From my perspective as a public sector manager, the whole thing was just a shakedown by Democrats and unions. Untold billions of dollars changed hands through back wages claims for unpaid overtime usually going back three years. Since most public employees other than some trades and crafts and law enforcement employees were either OT exempt or their eligibility for OT was based on their salary range, public employers did not keep the kind of time and attendance records necessary for paying hourly employees under the FLSA. The employees' naked assertions that they had worked the hours created the rebuttable presumption that they had worked and the employer had no means to rebut. My small and not particularly union friendly, though unionized, government paid out tens of milions of dollars in settlements and consent decrees in the '90s. Easily two-thirds of the claims were fraudulent, but we had no real means to rebut them and since we had a Democrat governor for most of the '90s weren't willing to make it too hard on the unions and the plaintiffs' attornies.
32 weeks ago
32 weeks ago Link To Comment
"Instead, drinking beer and sleeping in top most “to do” lists."

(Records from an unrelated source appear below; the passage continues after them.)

(* Let $G$ be a finite simple graph with $V(G)=\{1,\dots,n\}$, vertex weight function $w_1$, and an edge weight function $w$ taking only positive real values. Then $G$ is a forest if and only if $\phi_{(w,w_1)}(G,x)=\eta_{(w,w_1)}(G,x)$.
   Context: A vertex weight function $w_1$ assigns a real number (possibly $0$) to each vertex; induced subgraphs carry restricted weights. For $A\subseteq E(G)$, $w(A)=\prod_{e\in A}w(e)$. $\mu_w(G,x)=\sum_{M}(-1)^{|M|}|w(M)|^2x^{n-2|M|}$ over all matchings $M$ (including empty). $\eta_{(w,w_1)}(G,x)=\sum_{S\subseteq V(G)}(-1)^{|V(G)\setminus S|}\big(\prod_{v\in V(G)\setminus S}w_1(v)\big)\mu_w(G[S],x)$ with $G[S]$ the induced subgraph and $\mu_w$ of the empty graph equal to $1$. The weighted adjacency matrix $B=[b_{uv}]$ has $b_{uv}=w(e_{uv})$ if $uv$ is an edge and $u<v$, $b_{uu}=w_1(u)$, $b_{uv}=\overline{w(e_{vu})}$ if $vu$ is an edge and $u>v$, and $0$ otherwise; $\phi_{(w,w_1)}(G,x)=\det(xI-B)$. *)

theory Defs
  imports "Jordan_Normal_Form.Char_Poly"
begin

definition simple_graph :: "nat \<Rightarrow> nat set set \<Rightarrow> bool" where
  "simple_graph n E \<longleftrightarrow> (\<forall>e\<in>E. e \<subseteq> {1..n} \<and> card e = 2)"

definition is_cycle :: "nat \<Rightarrow> nat set set \<Rightarrow> nat list \<Rightarrow> bool" where
  "is_cycle n E vs \<longleftrightarrow> length vs \<ge> 3 \<and> distinct vs \<and> set vs \<subseteq> {1..n} \<and>
     (\<forall>i < length vs. {vs ! i, vs ! ((i + 1) mod length vs)} \<in> E)"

You forgot the grilling. At least in America, it's a grilling-with-the-neighbors kind of day. Well, maybe you live in a city apartment and can't grill ... sympathies, then.
32 weeks ago
32 weeks ago Link To Comment
In a better world, unions would simply be a cooperative way for employees to negotiate with employers. They would be an explicit business. They would provide a service (labor for employers, and negotiating leverage for the employees) for a price (better salaries/safety measures from employers and union dues from employees).

If we want more equitable unions without robber baron union bosses, then we should be moving toward a more free labor market. If unions needed to compete with non-unionized labor (and other unions/employee representatives) then they would need to drop all that fat they give the bosses.
32 weeks ago
32 weeks ago Link To Comment
BTW, it's nice to know that with Labor day being more or less the de facto American New Year, that the US also follows the Jewish Calendar.